(Given data)
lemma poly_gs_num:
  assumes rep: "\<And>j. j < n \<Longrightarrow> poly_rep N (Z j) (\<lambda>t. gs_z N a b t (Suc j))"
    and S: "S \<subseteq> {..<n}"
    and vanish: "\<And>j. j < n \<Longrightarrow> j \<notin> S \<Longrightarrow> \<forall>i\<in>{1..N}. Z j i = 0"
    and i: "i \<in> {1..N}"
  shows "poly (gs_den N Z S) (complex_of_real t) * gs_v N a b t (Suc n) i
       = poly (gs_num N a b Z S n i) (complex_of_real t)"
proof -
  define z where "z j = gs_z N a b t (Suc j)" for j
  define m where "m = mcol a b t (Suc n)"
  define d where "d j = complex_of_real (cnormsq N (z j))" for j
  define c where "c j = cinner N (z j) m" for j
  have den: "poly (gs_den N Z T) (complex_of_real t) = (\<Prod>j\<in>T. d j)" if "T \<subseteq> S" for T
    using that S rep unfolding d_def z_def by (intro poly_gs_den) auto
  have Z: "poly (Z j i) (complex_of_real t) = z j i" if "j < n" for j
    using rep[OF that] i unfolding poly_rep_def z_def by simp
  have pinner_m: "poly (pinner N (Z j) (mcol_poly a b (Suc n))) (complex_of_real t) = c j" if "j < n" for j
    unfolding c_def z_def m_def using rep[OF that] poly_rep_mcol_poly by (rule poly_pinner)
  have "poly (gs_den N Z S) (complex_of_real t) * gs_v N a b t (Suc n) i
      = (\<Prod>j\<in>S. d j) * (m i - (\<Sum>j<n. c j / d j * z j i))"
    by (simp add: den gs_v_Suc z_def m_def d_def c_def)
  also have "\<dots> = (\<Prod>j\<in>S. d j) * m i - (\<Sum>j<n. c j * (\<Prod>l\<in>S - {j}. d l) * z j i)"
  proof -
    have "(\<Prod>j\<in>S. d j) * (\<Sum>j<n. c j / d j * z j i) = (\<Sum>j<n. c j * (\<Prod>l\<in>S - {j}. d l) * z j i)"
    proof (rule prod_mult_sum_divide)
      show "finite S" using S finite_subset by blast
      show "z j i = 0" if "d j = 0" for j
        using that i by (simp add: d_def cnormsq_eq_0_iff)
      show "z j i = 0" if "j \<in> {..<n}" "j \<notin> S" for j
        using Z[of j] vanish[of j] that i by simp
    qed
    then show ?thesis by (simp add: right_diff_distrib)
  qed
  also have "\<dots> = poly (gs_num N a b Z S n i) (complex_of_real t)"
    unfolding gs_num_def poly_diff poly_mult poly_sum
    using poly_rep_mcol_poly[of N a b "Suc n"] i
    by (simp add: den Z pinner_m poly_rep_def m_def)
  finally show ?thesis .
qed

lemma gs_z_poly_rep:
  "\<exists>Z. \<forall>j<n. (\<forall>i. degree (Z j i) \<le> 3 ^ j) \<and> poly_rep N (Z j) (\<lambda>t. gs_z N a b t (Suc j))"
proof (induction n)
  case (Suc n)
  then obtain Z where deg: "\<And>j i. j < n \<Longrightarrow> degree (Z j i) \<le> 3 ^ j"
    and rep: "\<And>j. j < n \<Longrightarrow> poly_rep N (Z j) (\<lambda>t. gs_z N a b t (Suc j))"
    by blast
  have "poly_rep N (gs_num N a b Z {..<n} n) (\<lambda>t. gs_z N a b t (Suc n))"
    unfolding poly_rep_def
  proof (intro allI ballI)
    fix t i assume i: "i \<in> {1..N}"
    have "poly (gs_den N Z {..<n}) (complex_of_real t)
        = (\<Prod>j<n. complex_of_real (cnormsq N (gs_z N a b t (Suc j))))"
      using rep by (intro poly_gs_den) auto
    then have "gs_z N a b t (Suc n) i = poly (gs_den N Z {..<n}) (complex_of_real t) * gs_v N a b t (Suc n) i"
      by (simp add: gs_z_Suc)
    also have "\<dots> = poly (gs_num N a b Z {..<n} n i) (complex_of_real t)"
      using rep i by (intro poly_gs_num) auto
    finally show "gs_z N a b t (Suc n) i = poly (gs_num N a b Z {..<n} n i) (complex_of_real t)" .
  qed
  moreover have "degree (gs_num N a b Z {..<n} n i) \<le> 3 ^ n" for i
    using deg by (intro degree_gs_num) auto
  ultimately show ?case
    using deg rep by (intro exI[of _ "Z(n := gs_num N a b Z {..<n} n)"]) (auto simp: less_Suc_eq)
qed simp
(End Given data)
Copy every line of the entries in which "finally" can be found.

### Task solution
  finally show ?thesis .
    finally show "gs_z N a b t (Suc n) i = poly (gs_num N a b Z {..<n} n i) (complex_of_real t)" .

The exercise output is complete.